■ WHAT IS REQUIRED ■
Looking at the listing below, retype exactly the lines starting at the one containing "z0\<close> by (auto simp: K_def)" and ending at the one containing "then obtain t", both included, and nothing else.

■ EXERCISE INPUTS ■
..........

lemma openin_superlevel_add:
  fixes a :: "'a \<Rightarrow> real" and f :: "'a \<Rightarrow> ereal"
  assumes "\<And>q. openin X {z. q < a z}" and "\<And>s. openin X {z. ereal s < f z}"
    and "\<And>z. f z \<noteq> -\<infinity>"
  shows "openin X {z. ereal t < ereal (a z) + f z}"
proof -
  have "{z. ereal t < ereal (a z) + f z} = (\<Union>q. {z. q < a z} \<inter> {z. ereal (t - q) < f z})"
  proof (intro equalityI subsetI)
    fix z assume z: "z \<in> {z. ereal t < ereal (a z) + f z}"
    show "z \<in> (\<Union>q. {z. q < a z} \<inter> {z. ereal (t - q) < f z})"
    proof (cases "f z")
      case (real r)
      hence "a z - (a z + r - t) / 2 < a z \<and> ereal (t - (a z - (a z + r - t) / 2)) < f z"
        using z by (simp add: field_simps)
      thus ?thesis by blast
    next
      case PInf
      hence "a z - 1 < a z \<and> ereal (t - (a z - 1)) < f z" by simp
      thus ?thesis by blast
    qed (use assms(3) in simp)
  next
    fix z assume "z \<in> (\<Union>q. {z. q < a z} \<inter> {z. ereal (t - q) < f z})"
    then obtain q where "q < a z" "ereal (t - q) < f z" by auto
    thus "z \<in> {z. ereal t < ereal (a z) + f z}" by (cases "f z") auto
  qed
  thus ?thesis using assms(1,2) by (auto intro!: openin_Union openin_Int)
qed

text \<open>The sublevel sets above the infimum have the finite intersection property inside the
  compact one.\<close>
lemma ereal_attains_Inf_if_compactin_sublevel:
  fixes F :: "'a \<Rightarrow> ereal"
  assumes closed: "\<And>t. closedin X {z. F z \<le> ereal t}"
    and compact: "compactin X {z. F z \<le> F z0}"
  shows "\<exists>u. \<forall>z. F u \<le> F z"
proof -
  define m where "m = (INF z. F z)"
  define K where "K = {z. F z \<le> F z0}"
  define \<U> where "\<U> = (\<lambda>t. {z. F z \<le> ereal t}) ` {t. m < ereal t}"
  have "K \<inter> \<Inter>\<F> \<noteq> {}" if fin: "finite \<F>" and sub: "\<F> \<subseteq> \<U>" for \<F>
  proof -
    obtain T where T: "finite T" "T \<subseteq> {t. m < ereal t}" "\<F> = (\<lambda>t. {z. F z \<le> ereal t}) ` T"
      using fin sub unfolding \<U>_def by (meson finite_subset_image)
    show ?thesis
    proof (cases "T = {}")
      case True
      thus ?thesis using T by (auto simp: K_def)
    next
      case False
      have "Min T \<in> T" using T False by simp
      hence "(INF z. F z) < ereal (Min T)" using T by (auto simp: m_def)
      then obtain z where z: "F z < ereal (Min T)" by (auto simp: INF_less_iff)
      define z' where "z' = (if F z \<le> F z0 then z else z0)"
      have "F z' \<le> F z0" and "F z' \<le> F z" by (auto simp: z'_def)
      have "F z' \<le> ereal t" if "t \<in> T" for t
      proof -
        have "Min T \<le> t" using T that by simp
        thus ?thesis using \<open>F z' \<le> F z\<close> z by (meson ereal_less_eq(3) less_imp_le order_trans)
      qed
      hence "z' \<in> K \<inter> \<Inter>\<F>" using T(3) \<open>F z' \<le> F z0\<close> by (auto simp: K_def)
      thus ?thesis by blast
    qed
  qed
  moreover have "\<forall>C\<in>\<U>. closedin X C" using closed unfolding \<U>_def by auto
  ultimately obtain u where "u \<in> \<Inter>\<U>"
    using compact unfolding K_def[symmetric] compactin_fip by blast
  hence u_le: "F u \<le> ereal t" if "m < ereal t" for t using that unfolding \<U>_def by blast
  have "F u \<le> m"
  proof (rule ccontr)
    assume "\<not> F u \<le> m"
    then obtain t where "m < ereal t" and "ereal t < F u" using ereal_dense2 not_le by metis
    thus False using u_le by (simp add: not_le[symmetric])
  qed
  moreover have "m \<le> F z" for z unfolding m_def by (rule INF_lower) simp
  ultimately show ?thesis by (blast intro: order_trans)
qed

lemma tikh_nonempty:
  fixes \<tau> :: "'a::real_vector topology" and A :: "'a \<Rightarrow> 'b::real_inner"
  assumes hd: "Hausdorff_space \<tau>" and top: "topspace \<tau> = UNIV"
    and pc: "proper_convex R" and cpt: "\<And>c. compactin \<tau> {z. R z \<le> ereal c}"
    and cont: "continuous_map \<tau> weak_topology A" and \<alpha>: "\<alpha> > 0"
  shows "tikh A R \<alpha> g \<noteq> {}"
proof -
  define a where "a z = (norm (g - A z))\<^sup>2 / (2 * \<alpha>)" for z
  define F where "F z = ereal (a z) + R z" for z
  have R_not_MInf: "R z \<noteq> -\<infinity>" for z using pc unfolding proper_convex_def by simp
  have "openin \<tau> {z. q < a z}" for q
    unfolding a_def by (rule openin_tikh_data_term_gt[OF top cont \<alpha>])
  hence "openin \<tau> {z. ereal t < F z}" for t unfolding F_def
    by (intro openin_superlevel_add openin_superlevel_if_compactin_sublevel[OF hd top cpt] R_not_MInf)
  hence closedF: "closedin \<tau> {z. F z \<le> ereal t}" for t
    using top by (simp add: closedin_def set_diff_eq not_le)
  obtain z0 where z0: "z0 \<in> edom R" using pc unfolding proper_convex_def by auto
  define c0 where "c0 = a z0 + real_of_ereal (R z0)"
  have Fz0: "F z0 = ereal c0"
    using proper_convex_finite_on_edom[OF pc z0] unfolding F_def c0_def by (metis plus_ereal.simps(1))
  have R_le_F: "R z \<le> F z" for z
    using \<alpha> by (cases "R z") (auto simp: F_def a_def)
  have "compactin \<tau> {z. F z \<le> F z0}"
    unfolding Fz0 by (rule closed_compactin[OF cpt[of c0] _ closedF]) (auto intro: order_trans R_le_F)
  then obtain u where u: "\<And>z. F u \<le> F z"
    using ereal_attains_Inf_if_compactin_sublevel[OF closedF] by blast
  have "R u \<le> ereal c0" using order_trans[OF R_le_F u] Fz0 by metis
  hence "u \<in> edom R" unfolding edom_def by (cases "R u") auto
  hence "u \<in> tikh A R \<alpha> g" using u unfolding tikh_def F_def a_def by auto
  thus ?thesis by blast
qed

lemma tikh_rate_if_gamma_rate:
  fixes A :: "'a::real_vector \<Rightarrow> 'b::real_inner"
  assumes pc: "proper_convex R" and lin: "linear A"
    and ex: "\<And>\<alpha> g. \<alpha> > 0 \<Longrightarrow> tikh A R \<alpha> g \<noteq> {}"
    and \<nu>: "\<nu> > 0" and c: "c > 0" and rate: "\<And>r. r > 0 \<Longrightarrow> gamma A R x r \<le> ereal (c * r powr (-\<nu>))"
    and \<alpha>: "\<alpha> > 0" and u: "u \<in> tikh A R \<alpha> (A x)"
  shows "norm (A x - A u) \<le> 4 * c powr (1 / (1 + \<nu>)) * \<alpha> powr (\<nu> / (1 + \<nu>))"
proof -
  have \<nu>': "\<nu> > -1" using \<nu> by simp
  define r where "r = (c / \<alpha>) powr (1 / (1 + \<nu>))"
  have r: "r > 0" using c \<alpha> by (simp add: r_def)
  have c_eq: "c = \<alpha> * r powr (1 + \<nu>)" using c \<alpha> \<nu> by (simp add: r_def powr_powr)
  have "gamma A R x r \<le> ereal (\<alpha> * r)"
    using rate[OF r] powr_balance(1)[OF \<alpha> r \<nu>'] by (simp add: c_eq)
  \<comment> \<open>the constant 4 = 2 \<cdot> 3/2 + 1 comes from approximating the infimum within a factor 3/2\<close>
  also have "\<dots> < ereal (3 / 2 * (\<alpha> * r))" using \<alpha> r by simp
  finally obtain z where z: "z \<in> Bset A R r" and xz: "norm (A x - A z) < 3 / 2 * (\<alpha> * r)"
    unfolding gamma_def by (auto simp: INF_less_iff)
  obtain w where w: "w \<in> tikh A R \<alpha> (A z)" using ex[OF \<alpha>] by blast
  have "norm (A x - A u) \<le> 2 * norm (A x - A z) + \<alpha> * r"
    by (rule norm_tikh_residual_le[OF pc lin \<alpha> z u w])
  also have "\<dots> \<le> 4 * (\<alpha> * r)" using xz by simp
  also have "\<alpha> * r = c powr (1 / (1 + \<nu>)) * \<alpha> powr (\<nu> / (1 + \<nu>))"
    using powr_balance(2)[OF \<alpha> r \<nu>'] by (simp add: c_eq)
  finally show ?thesis by simp
qed

lemma gamma_rate_if_tikh_rate:
  fixes A :: "'a::real_vector \<Rightarrow> 'b::real_inner"
  assumes pc: "proper_convex R" and lin: "linear A"
    and ex: "\<And>\<alpha> g. \<alpha> > 0 \<Longrightarrow> tikh A R \<alpha> g \<noteq> {}"
    and \<nu>: "\<nu> > 0" and c: "c > 0"
    and rate: "\<And>\<alpha> u. \<alpha> > 0 \<Longrightarrow> u \<in> tikh A R \<alpha> (A x) \<Longrightarrow>
                 norm (A x - A u) \<le> c * \<alpha> powr (\<nu> / (1 + \<nu>))"
    and r: "r > 0"
  shows "gamma A R x r \<le> ereal (c powr (1 + \<nu>) * r powr (-\<nu>))"
proof -
  have \<nu>': "\<nu> > -1" using \<nu> by simp
  define \<alpha> where "\<alpha> = (c / r) powr (1 + \<nu>)"
  have \<alpha>: "\<alpha> > 0" using c r by (simp add: \<alpha>_def)
  have c_pow_eq: "c powr (1 + \<nu>) = \<alpha> * r powr (1 + \<nu>)"
    using c r by (simp add: \<alpha>_def powr_divide)
  moreover have "c = (c powr (1 + \<nu>)) powr (1 / (1 + \<nu>))"
    using c \<nu> by (simp add: powr_powr)
  ultimately have "c = (\<alpha> * r powr (1 + \<nu>)) powr (1 / (1 + \<nu>))" by simp
  hence bal: "c * \<alpha> powr (\<nu> / (1 + \<nu>)) = \<alpha> * r" using powr_balance(2)[OF \<alpha> r \<nu>'] by simp
  obtain u where u: "u \<in> tikh A R \<alpha> (A x)" using ex[OF \<alpha>] by blast
  have res: "norm (A x - A u) \<le> \<alpha> * r" using rate[OF \<alpha> u] bal by simp
  have "rho1 A R u \<le> ereal (norm (A x - A u) / \<alpha>)" by (rule rho1_tikh_le[OF pc lin \<alpha> u])
  also have "\<dots> \<le> ereal r" using res \<alpha> by (simp add: divide_le_eq mult.commute)
  finally have "u \<in> Bset A R r" unfolding Bset_def by simp
  hence "gamma A R x r \<le> ereal (norm (A x - A u))" unfolding gamma_def by (rule INF_lower)
  also have "\<dots> \<le> ereal (\<alpha> * r)" using res by simp
  also have "\<alpha> * r = c powr (1 + \<nu>) * r powr (-\<nu>)"
    unfolding c_pow_eq by (rule powr_balance(1)[OF \<alpha> r \<nu>', symmetric])
  finally show ?thesis .
qed

theorem proposition4p9:
  fixes \<tau> :: "('a::banach) topology"
    and R :: "'a \<Rightarrow> ereal"
    and A :: "'a \<Rightarrow> 'b::{real_inner, complete_space}"
    and \<nu> :: real and x :: 'a
  assumes "locally_convex_topology \<tau>" and "Hausdorff_space \<tau>"
    and "proper_convex R"
    and "\<And>c. compactin \<tau> {z. R z \<le> ereal c}"
    and "linear A"
    and "continuous_map \<tau> weak_topology A"
    and "\<nu> > 0"
  shows "((\<exists>c\<^sub>1>0. \<forall>r>0. gamma A R x r \<le> ereal (c\<^sub>1 * r powr (-\<nu>)))
          \<longleftrightarrow> (\<exists>c\<^sub>2>0. \<forall>\<alpha>>0. \<forall>x\<^sub>\<alpha> \<in> tikh A R \<alpha> (A x).
                 norm (A x - A x\<^sub>\<alpha>) \<le> c\<^sub>2 * \<alpha> powr (\<nu> / (1 + \<nu>))))
    \<and> (\<forall>c\<^sub>1>0. (\<forall>r>0. gamma A R x r \<le> ereal (c\<^sub>1 * r powr (-\<nu>))) \<longrightarrow>
          (\<forall>\<alpha>>0. \<forall>x\<^sub>\<alpha> \<in> tikh A R \<alpha> (A x).
             norm (A x - A x\<^sub>\<alpha>) \<le> (4 * c\<^sub>1 powr (1 / (1 + \<nu>))) * \<alpha> powr (\<nu> / (1 + \<nu>))))
    \<and> (\<forall>c\<^sub>2>0. (\<forall>\<alpha>>0. \<forall>x\<^sub>\<alpha> \<in> tikh A R \<alpha> (A x).
             norm (A x - A x\<^sub>\<alpha>) \<le> c\<^sub>2 * \<alpha> powr (\<nu> / (1 + \<nu>))) \<longrightarrow>
          (\<forall>r>0. gamma A R x r \<le> ereal (c\<^sub>2 powr (1 + \<nu>) * r powr (-\<nu>))))"
proof -
  define Gam where "Gam c \<longleftrightarrow> (\<forall>r>0. gamma A R x r \<le> ereal (c * r powr (-\<nu>)))" for c
  define Res where "Res c \<longleftrightarrow> (\<forall>\<alpha>>0. \<forall>x\<^sub>\<alpha> \<in> tikh A R \<alpha> (A x).
                                   norm (A x - A x\<^sub>\<alpha>) \<le> c * \<alpha> powr (\<nu> / (1 + \<nu>)))" for c
  have "topspace \<tau> = UNIV" using assms(1) unfolding locally_convex_topology_def by simp
  hence ex: "\<And>\<alpha> g. \<alpha> > 0 \<Longrightarrow> tikh A R \<alpha> g \<noteq> {}"
    using tikh_nonempty[OF assms(2) _ assms(3,4,6)] by blast
  have i_ii: "Res (4 * c powr (1 / (1 + \<nu>)))" if "c > 0" "Gam c" for c
    using tikh_rate_if_gamma_rate[OF assms(3,5) ex assms(7) that(1)] that(2)
    unfolding Gam_def Res_def by blast
  have ii_i: "Gam (c powr (1 + \<nu>))" if "c > 0" "Res c" for c
    using gamma_rate_if_tikh_rate[OF assms(3,5) ex assms(7) that(1)] that(2)
    unfolding Gam_def Res_def by blast
  have "(\<exists>c>0. Gam c) \<longleftrightarrow> (\<exists>c>0. Res c)"
  proof
    assume "\<exists>c>0. Gam c"
    then obtain c where "c > 0" "Gam c" by blast
    thus "\<exists>c>0. Res c" using i_ii by (intro exI[of _ "4 * c powr (1 / (1 + \<nu>))"]) simp
  next
    assume "\<exists>c>0. Res c"
    then obtain c where "c > 0" "Res c" by blast
    thus "\<exists>c>0. Gam c" using ii_i by (intro exI[of _ "c powr (1 + \<nu>)"]) simp
  qed
  thus ?thesis using i_ii ii_i unfolding Gam_def Res_def by blast
qed

end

..........

■ WRITTEN RESPONSE ■
      hence "z' \<in> K \<inter> \<Inter>\<F>" using T(3) \<open>F z' \<le> F z0\<close> by (auto simp: K_def)
      thus ?thesis by blast
    qed
  qed
  moreover have "\<forall>C\<in>\<U>. closedin X C" using closed unfolding \<U>_def by auto
  ultimately obtain u where "u \<in> \<Inter>\<U>"
    using compact unfolding K_def[symmetric] compactin_fip by blast
  hence u_le: "F u \<le> ereal t" if "m < ereal t" for t using that unfolding \<U>_def by blast
  have "F u \<le> m"
  proof (rule ccontr)
    assume "\<not> F u \<le> m"
    then obtain t where "m < ereal t" and "ereal t < F u" using ereal_dense2 not_le by metis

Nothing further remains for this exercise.